Whenever a line below holds the word "every", copy that line.

━━━ SOURCE MATERIAL ━━━

text \<open>The optimal policy sells \<open>a(x,T)\<close> units at an arrival when holding \<open>x\<close>, leaving
  \<open>x - a(x,T)\<close>. This remaining inventory is non-decreasing in \<open>x\<close>: if holding one more unit
  made us keep strictly less, then exchanging the two minimisers (selling one unit less in
  the larger problem, one unit more in the smaller one) would lower the sum of the two
  minimal costs, because strict convexity of \<open>F\<close> makes \<open>F(a+1) + F(a'-1) < F a + F a'\<close>
  whenever \<open>a + 1 < a'\<close>. Here the value function \<open>v\<close> enters only through being finite,
  and the argument works for every horizon, as it must since the policy at an arrival uses
  the remaining horizon \<open>T - \<sigma>\<^sub>i\<close>. Both inventory processes are driven by the same
  arrivals, so this monotonicity propagates along every path by induction on the number of
  arrivals; the inequality in fact holds surely, not just almost surely.\<close>

lemma strictly_convex_on_increment_less:
  fixes F :: "real \<Rightarrow> real"
  assumes sc: "strictly_convex_on {0..} F" and "0 \<le> x" "x < y" "0 < h"
  shows "F (x + h) + F y < F x + F (y + h)"
proof -
  define d where "d = y + h - x"
  have d: "0 < d" using assms by (simp add: d_def)
  define u where "u = (y - x) / d"
  define w where "w = h / d"
  have "0 < y - x" "y - x < d" "0 < h" "h < d" using assms by (auto simp: d_def)
  then have u: "0 < u" "u < 1" and w: "0 < w" "w < 1"
    using d by (simp_all add: u_def w_def)
  have uw: "u + w = 1"
    using d by (simp add: u_def w_def d_def add_divide_distrib[symmetric])
  have "u * x + w * (y + h) = ((y - x) * x + h * (y + h)) / d"
    "w * x + u * (y + h) = (h * x + (y - x) * (y + h)) / d"
    by (simp_all add: u_def w_def add_divide_distrib)
  moreover have "(y - x) * x + h * (y + h) = (x + h) * d" "h * x + (y - x) * (y + h) = y * d"
    by (simp_all add: d_def algebra_simps)
  ultimately have "u * x + w * (y + h) = x + h" "w * x + u * (y + h) = y"
    using d by simp_all
  then have "u * x + (1 - u) * (y + h) = x + h" "w * x + (1 - w) * (y + h) = y"
    using uw by (simp_all add: eq_diff_eq[symmetric] add.commute)
  moreover have "F (c * x + (1 - c) * (y + h)) < c * F x + (1 - c) * F (y + h)"
    if "0 < c" "c < 1" for c
    using sc assms that unfolding strictly_convex_on_def by auto
  ultimately have "F (x + h) + F y < (u * F x + (1 - u) * F (y + h)) + (w * F x + (1 - w) * F (y + h))"
    using u w by (metis add_strict_mono)
  also have "\<dots> = (u + w) * F x + (2 - (u + w)) * F (y + h)"
    by (simp add: algebra_simps)
  finally show ?thesis using uw by simp
qed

━━━

ANSWER SPACE =
  and the argument works for every horizon, as it must since the policy at an arrival uses
  arrivals, so this monotonicity propagates along every path by induction on the number of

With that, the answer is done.